I fear I'm about to sound both boastful and ungrateful... but my boss refreshed my work laptop with this monster I have dubbed "DellZilla". Cool, huh? Definitely - except that you need a pack mule to actually move it. Once upon a time, laptops could actually fit in your lap.

The other problem is that I haven't found a Linux distribution that comes with the right drivers for it. Ubuntu Feisty was hopeless - all incarnations (u-, ku-, and xu-) were flummoxed by the screen and failed to start xwindows, or gave an utterly black empty screen.

Next I tried openSUSE, and was in some ways pleasantly surprised. It copes OK with whatever video voodoo is required for this monster screen. It automatically noticed that I had a Windows Vista partition and included it as a boot option. In fact, it includes "Restart and boot directly into Windows" as a menu option, so you can go get a cola while switching OS's instead of hovering over the keyboard waiting to catch the boot loader. Considerate! And it comes with all the cutting-edge goodies like Beagle. (And freeciv! Eek!)

One significant complaint is that, if you don't have wireless connectivity while you're doing the openSUSE installation, YAST won't even record the URLs of the repositories you'll need for software. When you need to download the good stuff later on, you'll need to hunt around for the URLs (psst, they're here) and add them to your list of sources by hand. For a SuSE newbie, that's a pain.

But I got through that. The real problem is that I've got no support for the mac80211 wireless card. Trying to get a driver installed for that has been an adventure in frustration. There's a driver here, but it appears to my amateurish eye as though YAST installs the Linux kernel-source into locations where the mac80211 makefile absolutely does not expect it, and trying to hack them into agreement is a step too far for me. It's like being back in the Bad Old Pre-Ubuntu days when Linux was something I only wished I could use.

So here I am, typing on a zillion-dollar laptop and tethered to the wall like it's 1994, and trying to figure out my next move.
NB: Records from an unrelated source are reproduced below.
lemma nn_integral_PiM_pmf_component:
  "(\<integral>\<^sup>+w. f (w i) \<partial>PiM UNIV (\<lambda>i. measure_pmf (L i))) = (\<integral>\<^sup>+x. f x \<partial>measure_pmf (L i))"
proof -
  have "(\<integral>\<^sup>+x. f x \<partial>measure_pmf (L i))
      = (\<integral>\<^sup>+x. f x \<partial>distr (PiM UNIV (\<lambda>i. measure_pmf (L i))) (measure_pmf (L i)) (\<lambda>w. w i))"
    by (subst distr_PiM_component) (auto simp: prob_space_measure_pmf)
  also have "\<dots> = (\<integral>\<^sup>+w. f (w i) \<partial>PiM UNIV (\<lambda>i. measure_pmf (L i)))"
    by (rule nn_integral_distr) auto
  finally show ?thesis ..
qed

lemma measurable_PiM_pmf_component_app:
  "(\<lambda>w. w i j) \<in> PiM UNIV (\<lambda>i. measure_pmf (L i)) \<rightarrow>\<^sub>M count_space UNIV"
proof -
  have "(\<lambda>w. w i) \<in> PiM UNIV (\<lambda>i. measure_pmf (L i)) \<rightarrow>\<^sub>M count_space UNIV"
    using measurable_component_singleton[of i UNIV "\<lambda>i. measure_pmf (L i)"] by simp
  then show ?thesis by (rule measurable_compose) simp
qed

lemma suminf_of_bool_eq_times: "(\<Sum>m. of_bool (x = m) * (f m :: ennreal)) = f x"
proof -
  have "(\<lambda>m. of_bool (x = m) * f m) = (\<lambda>m. if m = x then f m else 0)" by auto
  with sums_single[of x f] show ?thesis by (simp add: sums_iff)
qed

lemma nn_integral_of_bool_times_fun_nat:
  fixes f :: "'a \<Rightarrow> nat" and c :: "nat \<Rightarrow> ennreal"
  assumes [measurable]: "f \<in> M \<rightarrow>\<^sub>M count_space UNIV" "Measurable.pred M P"
  shows "(\<integral>\<^sup>+x. of_bool (P x) * c (f x) \<partial>M) = (\<Sum>m. (\<integral>\<^sup>+x. of_bool (P x \<and> f x = m) \<partial>M) * c m)"
proof -
  have "(\<integral>\<^sup>+x. of_bool (P x) * c (f x) \<partial>M) = (\<integral>\<^sup>+x. (\<Sum>m. of_bool (P x \<and> f x = m) * c m) \<partial>M)"
  proof (intro nn_integral_cong)
    fix x
    have "(\<Sum>m. of_bool (P x \<and> f x = m) * c m) = (\<Sum>m. of_bool (f x = m) * (of_bool (P x) * c m))"
      by (intro suminf_cong) auto
    then show "of_bool (P x) * c (f x) = (\<Sum>m. of_bool (P x \<and> f x = m) * c m)"
      by (simp add: suminf_of_bool_eq_times)
  qed
  also have "\<dots> = (\<Sum>m. \<integral>\<^sup>+x. of_bool (P x \<and> f x = m) * c m \<partial>M)"
    by (rule nn_integral_suminf) measurable
  also have "\<dots> = (\<Sum>m. (\<integral>\<^sup>+x. of_bool (P x \<and> f x = m) \<partial>M) * c m)"
    by (simp add: nn_integral_multc)
  finally show ?thesis .
qed

lemma prob_space_bwbp_space: "prob_space (bwbp_space p Xv)"
  unfolding bwbp_space_def by (rule prob_space_PiM_pmf)

lemma nn_integral_bwbp_space_override_on:
  "G \<in> borel_measurable (bwbp_space p Xv) \<Longrightarrow>
    (\<integral>\<^sup>+w. G w \<partial>bwbp_space p Xv)
      = (\<integral>\<^sup>+w'. \<integral>\<^sup>+w. G (override_on w w' B) \<partial>bwbp_space p Xv \<partial>bwbp_space p Xv)"
  unfolding bwbp_space_def by (rule nn_integral_PiM_pmf_override_on)

lemma nn_integral_bwbp_space_coordinate:
  "(\<integral>\<^sup>+w. f (w i) \<partial>bwbp_space p Xv) = (\<integral>\<^sup>+x. f x \<partial>measure_pmf (coord_law p Xv i))"
  unfolding bwbp_space_def by (rule nn_integral_PiM_pmf_component)

lemma measurable_Ncell [measurable]:
  "(\<lambda>w. Ncell w v) \<in> bwbp_space p Xv \<rightarrow>\<^sub>M count_space UNIV"
  unfolding Ncell_def bwbp_space_def by (rule measurable_PiM_pmf_component_app)

lemma measurable_Xcell [measurable]:
  "(\<lambda>w. Xcell w v K i j) \<in> bwbp_space p Xv \<rightarrow>\<^sub>M count_space UNIV"
  unfolding Xcell_def bwbp_space_def by (rule measurable_PiM_pmf_component_app)

fun idx_word :: "idx \<Rightarrow> nat list" where
  "idx_word (NI v) = v"
| "idx_word (XI v k i) = v"

definition is_cell :: "(idx \<Rightarrow> nat \<Rightarrow> nat) \<Rightarrow> nat list \<Rightarrow> bool" where
  "is_cell w v \<longleftrightarrow> (\<forall>m<length v. 1 \<le> v ! m \<and> v ! m \<le> Ncell w (take m v))"

lemma cell_gen_iff: "v \<in> cell_gen w n \<longleftrightarrow> length v = n \<and> is_cell w v"
  by (auto simp: cell_gen_def is_cell_def)

lemma is_cell_Nil [simp]: "is_cell w []"
  by (simp add: is_cell_def)

lemma is_cell_snoc: "is_cell w (v @ [j]) \<longleftrightarrow> is_cell w v \<and> 1 \<le> j \<and> j \<le> Ncell w v"
  by (auto simp: is_cell_def nth_append less_Suc_eq)

lemma parasites_Nil [simp]: "parasites w z [] = z"
  by (simp add: parasites_def)

lemma parasites_snoc:
  "parasites w z (v @ [j])
     = (if j \<le> Ncell w v then \<Sum>i\<in>{1..parasites w z v}. Xcell w v (Ncell w v) i j else 0)"
  by (simp add: parasites_def)

lemma measurable_is_cell [measurable]: "Measurable.pred (bwbp_space p Xv) (\<lambda>w. is_cell w v)"
  unfolding is_cell_def by measurable

lemma measurable_parasites [measurable]:
  "(\<lambda>w. parasites w z v) \<in> bwbp_space p Xv \<rightarrow>\<^sub>M count_space UNIV"
proof (induction v rule: rev_induct)
  case (snoc j u)
  note snoc.IH [measurable]
  show ?case unfolding parasites_snoc by measurable
qed simp

lemma is_cell_parasites_cong:
  assumes "\<And>m i. m < length v \<Longrightarrow> idx_word i = take m v \<Longrightarrow> w i = w' i"
  shows "is_cell w v = is_cell w' v \<and> parasites w z v = parasites w' z v"
  using assms
proof (induction v rule: rev_induct)
  case (snoc j u)
  have "w i = w' i" if "idx_word i = u" for i
    using snoc.prems[of "length u" i] that by simp
  then have "Ncell w u = Ncell w' u" "Xcell w u = Xcell w' u"
    by (auto simp: Ncell_def Xcell_def fun_eq_iff)
  moreover have "is_cell w u = is_cell w' u \<and> parasites w z u = parasites w' z u"
  proof (rule snoc.IH)
    fix m i assume "m < length u" "idx_word i = take m u"
    then show "w i = w' i" using snoc.prems[of m i] by simp
  qed
  ultimately show ?case by (simp add: is_cell_snoc parasites_snoc)
qed simp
This says Sabayon 3.4 supports mac80211. I hadn't even heard of Sabayon before this week, and I've read good things about it, but I wonder if it's just too fancy. It installs from DVDs; I've never even tried burning one of those. And I can't even get its blasted homepage to come up under Firefox or Konqueror. But whatever; I need wireless. If you don't hear from me for a while, it's because I need to compile my own drivers for the keyboard, or maybe the AC adapter.

1 comment:

Anonymous said...

A little edit to the xorg.conf in Kubuntu or Ubuntu 7.04 and you would have been home free.

Or try:

apt-get install restricted-manager

fire up restricted-manager, which may happily offer up your cards driver. You may still need to edit the xorg.conf for you desired resolution.